She and I enjoyed a lunch of Greek salad and chickpea soup. The soup is an island specialty; you must try it if you visit! Then she was off to explore the ceramics shops, and I went to get settled in my new place.
There wasn’t time for a hike that afternoon. Well, I could have hiked, but I wanted to rest. And the beach was calling me out for an afternoon swim! I had my plan set for the morning, though.
At 7:15, I took the first bus of the day up to Apollonia. Upon arrival, I spotted the display just for hikers. I was pretty excited, my kind of island! I took the #3 trail through town and onto an ancient path. It was well-marked most of the way.

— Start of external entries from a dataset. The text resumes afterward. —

(* Let $I$ be a finite index set and $\{(x_i,f_i,g_i)\}_{i\in I}\subset\mathbb{R}^n\times\mathbb{R}\times\mathbb{R}^n$. The following are equivalent: (i) there exists a convex function $f:\mathbb{R}^n\to\mathbb{R}$ which is differentiable and strictly convex and satisfies $f_i=f(x_i)$, $g_i=\nabla f(x_i)$ for all $i\in I$; (ii) for every $i,j\in I$: $f_i-f_j-\langle g_j,x_i-x_j\rangle\ge0$; $f_i-f_j-\langle g_j,x_i-x_j\rangle>0$ if $x_i\ne x_j$; and $f_i-f_j-\langle g_j,x_i-x_j\rangle>0$ if $g_i\ne g_j$. *)

theory Defs
  imports "HOL-Analysis.Analysis"
begin

definition strictly_convex_on :: "'a::real_vector set \<Rightarrow> ('a \<Rightarrow> real) \<Rightarrow> bool" where
  "strictly_convex_on S f \<longleftrightarrow> convex S \<and>
     (\<forall>x\<in>S. \<forall>y\<in>S. x \<noteq> y \<longrightarrow> (\<forall>t::real. 0 < t \<and> t < 1 \<longrightarrow>
        f ((1 - t) *\<^sub>R x + t *\<^sub>R y) < (1 - t) * f x + t * f y))"

end

theory Submission
  imports Defs
begin

text \<open>Necessity is the tangent-plane inequality of a differentiable convex function, which is
  strict away from the point of contact when the function is strictly convex; gradients taken at
  the same point coincide. For sufficiency, subtract \<open>c * (y \<bullet> y)\<close> from the data (for small
  \<open>c > 0\<close> the strict inequalities survive) and interpolate the new data by a smoothed maximum of
  the tangent planes \<open>y \<mapsto> f\<^sub>j + g\<^sub>j \<bullet> (y - x\<^sub>j)\<close>. The smoothing replaces \<open>\<bar>a - b\<bar>\<close> in
  \<open>max a b = (a + b + \<bar>a - b\<bar>) / 2\<close> by its Huber regularisation of width \<open>\<delta>\<close>: this keeps
  convexity, yields differentiability, and leaves the maximum unchanged when one argument exceeds
  the other by \<open>\<delta>\<close>. At \<open>x\<^sub>i\<close> the plane of \<open>i\<close> exceeds every other plane by a fixed gap, so for
  small \<open>\<delta>\<close> the smoothed maximum coincides with that plane near \<open>x\<^sub>i\<close>. Adding \<open>c * (y \<bullet> y)\<close>
  back makes the interpolant strictly convex.\<close>

section \<open>Huber smoothing of the maximum\<close>

definition ramp_sq :: "real \<Rightarrow> real" where
  "ramp_sq s = (max s 0)\<^sup>2"

lemma ramp_sq_remainder: "\<bar>ramp_sq y - ramp_sq s - 2 * max s 0 * (y - s)\<bar> \<le> (y - s)\<^sup>2"
proof (cases "0 \<le> s")
  case True
  then have "ramp_sq y - ramp_sq s - 2 * max s 0 * (y - s) = (y - s)\<^sup>2 - (min y 0)\<^sup>2"
    unfolding ramp_sq_def by (auto simp: max_def min_def power2_eq_square algebra_simps)
  moreover have "(min y 0)\<^sup>2 \<le> (y - s)\<^sup>2"
    using True by (intro abs_le_square_iff[THEN iffD1]) auto
  ultimately show ?thesis
    by simp
next
  case False
  then have "(max y 0)\<^sup>2 \<le> (y - s)\<^sup>2"
    by (intro abs_le_square_iff[THEN iffD1]) auto
  with False show ?thesis
    unfolding ramp_sq_def by simp
qed

lemma has_real_derivative_ramp_sq: "(ramp_sq has_real_derivative 2 * max s 0) (at s)"
proof -
  define R where "R y = ramp_sq y - ramp_sq s - 2 * max s 0 * (y - s)" for y
  have "((\<lambda>y. R y / (y - s)) \<longlongrightarrow> 0) (at s)"
  proof (rule Lim_null_comparison)
    show "\<forall>\<^sub>F y in at s. norm (R y / (y - s)) \<le> \<bar>y - s\<bar>"
      using ramp_sq_remainder unfolding R_def
      by (auto simp: divide_le_eq power2_eq_square)
    show "((\<lambda>y. \<bar>y - s\<bar>) \<longlongrightarrow> 0) (at s)"
      by (auto intro!: tendsto_eq_intros)
  qed
  then have "((\<lambda>y. 2 * max s 0 + R y / (y - s)) \<longlongrightarrow> 2 * max s 0) (at s)"
    using tendsto_add[OF tendsto_const] by fastforce
  moreover have "\<forall>\<^sub>F y in at s. 2 * max s 0 + R y / (y - s) = (ramp_sq y - ramp_sq s) / (y - s)"
    by (auto simp: eventually_at_filter R_def field_simps)
  ultimately show ?thesis
    unfolding has_field_derivative_iff by (rule Lim_transform_eventually)
qed

text \<open>Huber smoothing of the absolute value: it equals \<open>\<bar>t\<bar>\<close> for \<open>\<bar>t\<bar> \<ge> d\<close> and
  \<open>d/2 + t\<^sup>2/(2*d)\<close> for \<open>\<bar>t\<bar> \<le> d\<close>.\<close>
definition smooth_abs :: "real \<Rightarrow> real \<Rightarrow> real" where
  "smooth_abs d t = d / 2 + t\<^sup>2 / (2 * d) - (ramp_sq (t - d) + ramp_sq (- t - d)) / (2 * d)"

definition smooth_abs_deriv :: "real \<Rightarrow> real \<Rightarrow> real" where
  "smooth_abs_deriv d t = (t - max (t - d) 0 + max (- t - d) 0) / d"

lemma has_real_derivative_smooth_abs:
  assumes "d > 0"
  shows "(smooth_abs d has_real_derivative smooth_abs_deriv d t) (at t)"
  using assms unfolding smooth_abs_def [abs_def]
  by (auto intro!: derivative_eq_intros DERIV_chain2[OF has_real_derivative_ramp_sq]
      simp: smooth_abs_deriv_def field_simps)

lemma smooth_abs_deriv_mono: "d > 0 \<Longrightarrow> s \<le> t \<Longrightarrow> smooth_abs_deriv d s \<le> smooth_abs_deriv d t"
  unfolding smooth_abs_deriv_def by (rule divide_right_mono) (auto simp: max_def)

lemma abs_smooth_abs_deriv_le_1: "d > 0 \<Longrightarrow> \<bar>smooth_abs_deriv d t\<bar> \<le> 1"
  unfolding smooth_abs_deriv_def by (auto simp: max_def abs_le_iff)

lemma convex_on_smooth_abs: "d > 0 \<Longrightarrow> convex_on UNIV (smooth_abs d)"
  by (rule convex_on_realI[where f' = "smooth_abs_deriv d"])
    (auto intro: has_real_derivative_smooth_abs smooth_abs_deriv_mono)

lemma smooth_abs_minus: "smooth_abs d (- t) = smooth_abs d t"
  unfolding smooth_abs_def by (simp add: add.commute)

lemma smooth_abs_eq_abs:
  assumes "d > 0" "d \<le> \<bar>t\<bar>"
  shows "smooth_abs d t = \<bar>t\<bar>"
  using assms unfolding smooth_abs_def ramp_sq_def
  by (auto simp: max_def abs_if field_simps power2_eq_square)

lemma smooth_abs_le:
  assumes "d > 0"
  shows "smooth_abs d t \<le> \<bar>t\<bar> + d"
proof (cases "d \<le> \<bar>t\<bar>")
  case True
  then show ?thesis
    using smooth_abs_eq_abs assms by simp
next
  case False
  then have "smooth_abs d t = (d\<^sup>2 + t\<^sup>2) / (2 * d)"
    using assms by (auto simp: abs_less_iff smooth_abs_def ramp_sq_def max_def field_simps power2_eq_square)
  moreover have "d\<^sup>2 + t\<^sup>2 \<le> 2 * d * (\<bar>t\<bar> + d)"
  proof -
    have "t\<^sup>2 \<le> d\<^sup>2" "0 \<le> 2 * d * \<bar>t\<bar>"
      using False abs_le_square_iff[of t d] assms by auto
    then show ?thesis
      by (simp add: distrib_left power2_eq_square)
  qed
  ultimately show ?thesis
    using assms by (simp add: pos_divide_le_eq mult.commute)
qed

lemma smooth_abs_lipschitz: "d > 0 \<Longrightarrow> \<bar>smooth_abs d s - smooth_abs d t\<bar> \<le> \<bar>s - t\<bar>"
  using field_differentiable_bound[of UNIV "smooth_abs d" "smooth_abs_deriv d" 1 s t]
    has_real_derivative_smooth_abs abs_smooth_abs_deriv_le_1
  by auto

definition smooth_max :: "real \<Rightarrow> real \<Rightarrow> real \<Rightarrow> real" where
  "smooth_max d a b = (a + b + smooth_abs d (a - b)) / 2"

lemma smooth_max_commute: "smooth_max d a b = smooth_max d b a"
  using smooth_abs_minus[of d "a - b"] by (simp add: smooth_max_def add.commute)

lemma smooth_max_mono:
  assumes "d > 0" "a \<le> a'" "b \<le> b'"
  shows "smooth_max d a b \<le> smooth_max d a' b'"
proof -
  have "\<bar>(a - b) - (a' - b')\<bar> \<le> (a' - a) + (b' - b)"
    using assms(2,3) by (simp add: abs_le_iff)
  then have "smooth_abs d (a - b) \<le> smooth_abs d (a' - b') + (a' - a) + (b' - b)"
    using smooth_abs_lipschitz[OF assms(1), of "a - b" "a' - b'"] by linarith
  then have "a + b + smooth_abs d (a - b) \<le> a' + b' + smooth_abs d (a' - b')"
    by linarith
  then show ?thesis
    unfolding smooth_max_def by (rule divide_right_mono) simp
qed

lemma smooth_max_le: "d > 0 \<Longrightarrow> smooth_max d a b \<le> max a b + d"
  using smooth_abs_le[of d "a - b"] unfolding smooth_max_def by (auto simp: max_def)

lemma smooth_max_eq_left: "d > 0 \<Longrightarrow> b + d \<le> a \<Longrightarrow> smooth_max d a b = a"
  using smooth_abs_eq_abs[of d "a - b"] unfolding smooth_max_def by simp

lemma smooth_max_convex:
  assumes "d > 0" "0 \<le> t" "t \<le> 1"
  shows "smooth_max d ((1 - t) * a + t * a') ((1 - t) * b + t * b')
    \<le> (1 - t) * smooth_max d a b + t * smooth_max d a' b'"
proof -
  have "(1 - t) * a + t * a' - ((1 - t) * b + t * b') = (1 - t) *\<^sub>R (a - b) + t *\<^sub>R (a' - b')"
    by (simp add: algebra_simps)
  then have "smooth_abs d ((1 - t) * a + t * a' - ((1 - t) * b + t * b'))
      \<le> (1 - t) * smooth_abs d (a - b) + t * smooth_abs d (a' - b')"
    using convex_onD[OF convex_on_smooth_abs] assms by simp
  then show ?thesis
    unfolding smooth_max_def by (simp add: field_simps)
qed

I stopped at the Panagia Vrsis Monastery. No one was around except for a dog, barking on my arrival.


I noticed the ancient door was open a crack and walked in. Still, I saw no one. A little eerie but quite beautiful. I took a quick tour and got back on my route.

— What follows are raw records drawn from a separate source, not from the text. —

theorem mainTheorem8:
  fixes n m N :: nat and A :: "nat \<Rightarrow> complex mat"
  assumes "m \<ge> 1"
    and "\<And>l. l \<le> N \<Longrightarrow> A l \<in> carrier_mat n n"
  shows "field_of_values (block_toeplitz n m N A) \<subseteq>
           {z. infdist z (field_of_values (A 0)) \<le> (\<Sum>l=1..N. spec_norm (A l))}"
proof
  fix z assume "z \<in> field_of_values (block_toeplitz n m N A)"
  moreover have "block_toeplitz n m N A \<in> carrier_mat (m * n) (m * n)"
    by (simp add: block_toeplitz_def)
  ultimately have "z \<in> numerical_range (m * n) (\<lambda>i j. block_toeplitz n m N A $$ (i, j))"
    by (simp add: field_of_values_eq_numerical_range)
  then obtain x where x: "sqnorm (m * n) x = 1"
    and z: "z = sesq_form (m * n) (\<lambda>i j. block_toeplitz n m N A $$ (i, j)) x x"
    unfolding numerical_range_def by auto
  have "0 < n"
    using x by (rule contrapos_pp) (simp add: sqnorm_def)
  define u where "u = (\<lambda>r j. x (r * n + j))"
  define D where "D = (\<Sum>r<m. sesq_form n (\<lambda>j k. A 0 $$ (j, k)) (u r) (u r))"
  define E where "E = (\<Sum>r<m. \<Sum>s<m. if s < r \<and> r - s \<le> N
      then sesq_form n (\<lambda>j k. A (r - s) $$ (j, k)) (u r) (u s) else 0)"
  have "z = D + E"
    unfolding z D_def E_def u_def by (rule sesq_form_block_toeplitz)
  have weights: "(\<Sum>r<m. sqnorm n (u r)) = 1"
    using x by (simp add: sqnorm_blocks u_def)
  have "D \<in> field_of_values (A 0)"
    unfolding D_def field_of_values_eq_numerical_range[OF assms(2)[OF le0]]
    by (rule sum_sesq_form_in_numerical_range[OF _ weights]) simp
  moreover have "cmod E \<le> (\<Sum>l=1..N. spec_norm (A l))"
    using norm_toeplitz_sum_le[of N _ "\<lambda>l. spec_norm (A l)" "\<lambda>r. sqnorm n (u r)" m]
      sesq_form_le_spec_norm[OF assms(2)] spec_norm_nonneg[OF assms(2) \<open>0 < n\<close>]
    unfolding E_def weights by (simp add: sqnorm_nonneg)
  ultimately show "z \<in> {z. infdist z (field_of_values (A 0)) \<le> (\<Sum>l=1..N. spec_norm (A l))}"
    using infdist_le[of D "field_of_values (A 0)" z] by (simp add: \<open>z = D + E\<close> dist_norm)
qed

end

I eventually arrived in Platis Yialos on the beach. I took a snack break at a little park where a local man was getting his workout. I had to contain my giggles as he grunted his way through. Then, he broke out in song. Quite entertaining!
I continued walking up the beach road toward Chrisopigi Monastery. Its location on a rock in the Aegean is one of the island’s highlights.


Around the bend from the monastery lies an inviting beach. It was nearly noon, and I stopped at the beachside taverna for something to eat. Yes! The chickpea soup was on the menu. This version was more like stew and made good fuel to continue the journey. It came with a quarter of a lemon. I have to say, the flavor is magical. (Sorry, I deleted the soup photo!)

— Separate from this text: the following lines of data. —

lemma append_digits_image:
  assumes b: "b \<ge> 2" and n: "n > 0" and k: "kcount b d n \<le> k"
  shows "append_digits b n ` strings b d (k - kcount b d n)
       = {m. m > 0 \<and> blen b m \<ge> blen b n \<and> ld b (blen b n) m = n \<and> kcount b d m = k}"
    (is "?image = ?M")
proof (intro set_eqI iffI)
  fix m assume "m \<in> ?image"
  then obtain X where X: "set X \<subseteq> {..<b}" "count_list X d = k - kcount b d n"
    and m: "m = n * b ^ length X + strval b X"
    unfolding strings_def append_digits_def by auto
  note less = strval_less[OF X(1)]
  have bl: "blen b m = blen b n + length X"
    unfolding m by (rule blen_shift_add[OF b n less])
  have "kcount b d m = k"
    using kcount_shift_add[OF b n less, of d] digit_count_strval[OF _ X(1), of d] X(2) k b
    unfolding m by simp
  moreover have "ld b (blen b n) m = n"
    unfolding ld_def bl using less b by (simp add: m)
  ultimately show "m \<in> ?M" using bl m n b by simp
next
  fix m assume "m \<in> ?M"
  then have lead: "m div b ^ (blen b m - blen b n) = n" and km: "kcount b d m = k"
    unfolding ld_def by auto
  define L where "L = blen b m - blen b n"
  define X where "X = digit_list b L (m mod b ^ L)"
  have X: "set X \<subseteq> {..<b}" unfolding X_def using set_digit_list b by simp
  have m: "m = n * b ^ length X + strval b X"
    using div_mult_mod_eq[of m "b ^ L"] lead unfolding X_def L_def by (simp add: strval_digit_list)
  have "kcount b d m = kcount b d n + count_list X d"
    using kcount_shift_add[OF b n strval_less[OF X], of d] digit_count_strval[OF _ X, of d] b
    by (simp add: m[symmetric])
  then have "X \<in> strings b d (k - kcount b d n)"
    unfolding strings_def using X km by simp
  then show "m \<in> ?image" unfolding append_digits_def using m by blast
qed

lemma real_append_digits:
  "b > 0 \<Longrightarrow> real (append_digits b n X)
     = real b ^ length X * (real n + real (strval b X) / real b ^ length X)"
  unfolding append_digits_def by (simp add: field_simps)

definition strings_of_length :: "nat \<Rightarrow> nat \<Rightarrow> nat list set" where
  "strings_of_length b L = {X. set X \<subseteq> {..<b} \<and> length X = L}"

lemma finite_strings_of_length: "finite (strings_of_length b L)"
  unfolding strings_of_length_def by (rule finite_lists_length_eq) simp

lemma strings_of_length_Suc:
  "strings_of_length b (Suc L) = (\<lambda>(x, X). x # X) ` ({..<b} \<times> strings_of_length b L)"
  unfolding strings_of_length_def by (auto simp: length_Suc_conv image_def)

lemma sum_strings_of_length:
  fixes q :: real
  assumes "d < b"
  shows "(\<Sum>X\<in>strings_of_length b L. q ^ count_list X d / real b ^ L) = ((real b - 1 + q) / real b) ^ L"
proof (induction L)
  case 0
  have "strings_of_length b 0 = {[]}" unfolding strings_of_length_def by auto
  then show ?case by simp
next
  case (Suc L)
  let ?w = "\<lambda>x. (if x = d then q else 1) / real b"
  have digit: "(\<Sum>x<b. ?w x) = (real b - 1 + q) / real b"
    using assms by (simp add: sum_divide_distrib[symmetric] sum.If_cases of_nat_diff
        Diff_eq[symmetric] card_Diff_singleton)
  have "(\<Sum>X\<in>strings_of_length b (Suc L). q ^ count_list X d / real b ^ Suc L)
      = (\<Sum>(x, X)\<in>{..<b} \<times> strings_of_length b L. ?w x * (q ^ count_list X d / real b ^ L))"
    unfolding strings_of_length_Suc
    by (subst sum.reindex) (auto simp: inj_on_def intro!: sum.cong)
  also have "\<dots> = (\<Sum>x<b. \<Sum>X\<in>strings_of_length b L. ?w x * (q ^ count_list X d / real b ^ L))"
    by (simp add: sum.cartesian_product)
  also have "\<dots> = (\<Sum>x<b. ?w x) * (\<Sum>X\<in>strings_of_length b L. q ^ count_list X d / real b ^ L)"
    by (simp add: sum_product)
  finally show ?case using Suc digit by simp
qed
lemma Limsup_at_top_scale:
  fixes f :: "real \<Rightarrow> ereal"
  assumes R: "R > 0"
  shows "Limsup at_top (\<lambda>T. f (R * T)) = Limsup at_top f"
proof -
  have "filtermap (\<lambda>T. R * T) at_top = at_top"
  proof (rule filtermap_fun_inverse[where g = "\<lambda>T. inverse R * T"])
    show "filterlim (\<lambda>T. inverse R * T) at_top at_top" "filterlim (\<lambda>T. R * T) at_top at_top"
      using R by (auto intro!: filterlim_tendsto_pos_mult_at_top[OF tendsto_const] simp: filterlim_ident)
  qed (use R in simp)
  moreover have "inj (\<lambda>T. R * T)" using R by (auto intro: injI)
  ultimately show ?thesis using Limsup_filtermap_eq[of "\<lambda>T. R * T" at_top f] by simp
qed

lemma Limsup_at_right_0_inverse:
  fixes f :: "real \<Rightarrow> ereal"
  shows "Limsup (at_right 0) (\<lambda>r. f (inverse r)) = Limsup at_top f"
  using Limsup_filtermap_eq[of inverse "at_right 0" f]
  by (simp add: inj_on_def flip: at_top_to_right)

lemma diff_ratio_bound:
  fixes a b p q r D M :: real
  assumes p: "p > 0" and q: "q > 0" and ab: "\<bar>a - b\<bar> \<le> D" and b: "\<bar>b\<bar> \<le> M * q"
    and qr: "q = r + p"
  shows "\<bar>a / p - b / q\<bar> \<le> (D + M * \<bar>r\<bar>) / p"
proof -
  have "\<bar>b / q\<bar> * \<bar>r\<bar> \<le> M * \<bar>r\<bar>"
    using b q by (intro mult_right_mono) (auto simp: abs_div pos_divide_le_eq)
  then have "\<bar>(a - b) + (b / q) * r\<bar> \<le> D + M * \<bar>r\<bar>"
    using ab abs_triangle_ineq[of "a - b" "b / q * r"] by (simp add: abs_mult)
  moreover have "a / p - b / q = ((a - b) + (b / q) * r) / p"
    using p q qr by (simp add: field_simps)
  ultimately show ?thesis using p by (simp add: abs_div divide_right_mono)
qed

lemma ln_ge_one_if_ge_exp_1:
  fixes S :: real
  assumes "S \<ge> exp 1"
  shows "ln S \<ge> 1"
  using assms ln_ge_iff[of S 1] by (smt (verit) exp_gt_zero)

lemma Limsup_ln_ratio_finite:
  fixes u :: "real \<Rightarrow> real"
  assumes uM: "\<And>S. S \<ge> exp 1 \<Longrightarrow> \<bar>u S\<bar> \<le> M * ln S"
  shows "Limsup at_top (\<lambda>S. ereal (u S / ln S)) \<noteq> \<infinity>"
    and "Limsup at_top (\<lambda>S. ereal (u S / ln S)) \<noteq> -\<infinity>"
proof -
  have "eventually (\<lambda>S. - M \<le> u S / ln S \<and> u S / ln S \<le> M) at_top"
    using eventually_ge_at_top[of "exp 1"]
  proof eventually_elim
    case (elim S)
    then have "ln S \<ge> 1" by (rule ln_ge_one_if_ge_exp_1)
    then have "\<bar>u S / ln S\<bar> \<le> M" using uM[OF elim] by (simp add: abs_div pos_divide_le_eq)
    then show ?case by (auto simp only: abs_le_iff)
  qed
  then have "Limsup at_top (\<lambda>S. ereal (u S / ln S)) \<le> ereal M"
    and "ereal (- M) \<le> Liminf at_top (\<lambda>S. ereal (u S / ln S))"
    by (auto intro!: Limsup_bounded Liminf_bounded elim!: eventually_mono)
  moreover have "Liminf at_top (\<lambda>S. ereal (u S / ln S)) \<le> Limsup at_top (\<lambda>S. ereal (u S / ln S))"
    by (rule Liminf_le_Limsup) simp
  ultimately show "Limsup at_top (\<lambda>S. ereal (u S / ln S)) \<noteq> \<infinity>"
    and "Limsup at_top (\<lambda>S. ereal (u S / ln S)) \<noteq> -\<infinity>" by auto
qed

lemma ln_ratio_rescaled_diff_tendsto_0:
  fixes u v :: "real \<Rightarrow> real"
  assumes uM: "\<And>S. S \<ge> exp 1 \<Longrightarrow> \<bar>u S\<bar> \<le> M * ln S"
    and v: "\<And>S. S > 0 \<Longrightarrow> \<bar>v S - u S\<bar> \<le> D" and R: "R > 0"
  shows "((\<lambda>T. v (R * T) / ln T - u (R * T) / ln (R * T)) \<longlongrightarrow> 0) at_top"
proof (rule Lim_null_comparison)
  show "((\<lambda>T. (D + M * \<bar>ln R\<bar>) / ln T) \<longlongrightarrow> 0) at_top"
    by (rule tendsto_divide_0[OF tendsto_const filterlim_at_top_imp_at_infinity[OF ln_at_top]])
  show "eventually (\<lambda>T. norm (v (R * T) / ln T - u (R * T) / ln (R * T)) \<le> (D + M * \<bar>ln R\<bar>) / ln T) at_top"
    using eventually_ge_at_top[of "max (exp 1) (exp 1 / R)"]
  proof eventually_elim
    case (elim T)
    then have "T \<ge> exp 1" and "R * T \<ge> exp 1" using R by (auto simp: field_simps)
    moreover have "T > 1" using \<open>T \<ge> exp 1\<close> by (smt (verit) one_less_exp_iff)
    ultimately have "ln T \<ge> 1" "ln (R * T) \<ge> 1" "ln (R * T) = ln R + ln T"
      using ln_ge_one_if_ge_exp_1[of T] ln_ge_one_if_ge_exp_1[of "R * T"] ln_mult_pos[OF R, of T]
      by simp_all
    then have "\<bar>v (R * T) / ln T - u (R * T) / ln (R * T)\<bar> \<le> (D + M * \<bar>ln R\<bar>) / ln T"
      using v[of "R * T"] uM[OF \<open>R * T \<ge> exp 1\<close>] R \<open>T > 1\<close>
      by (intro diff_ratio_bound) auto
    then show ?case by simp
  qed
qed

I didn’t walk much further, though. I took the #2 trail along the beach and up to another little church before heading to Faros. At that point, I would have had to put in some significant distance to get to a bus stop. I opted for a taxi back to Kamares instead.


My driver was entertaining, playing Greek music for me. We took a side trip to Apollonia so he could pick up some luggage to bring to the ferry port. He pointed me to the local sweets shop to get a treat while he got the suitcases. I had already decided to return, but he confirmed that I must see more of the island someday.
I returned to my little apartment in time for an evening swim before dinner. Such a lovely beach!
Even though I only spent one day hiking on Sifnos, I’m grateful for the experience. When I return, I will stay in Apollonia, as I can start several different hikes from there.

My Meteora Experience

June 4, 2024

When planning extended trips abroad, I make a somewhat detailed plan and reserve accommodations a few months ahead of time. But I have learned to make reservations that can be canceled because plans change.

A couple of weeks ago, I made such a change. I decided to leave the island of Kos early and head to mainland Greece before a week-long retreat. I won’t go into detail about why I left Kos early—Kos has a lot to offer, and I recommend a visit.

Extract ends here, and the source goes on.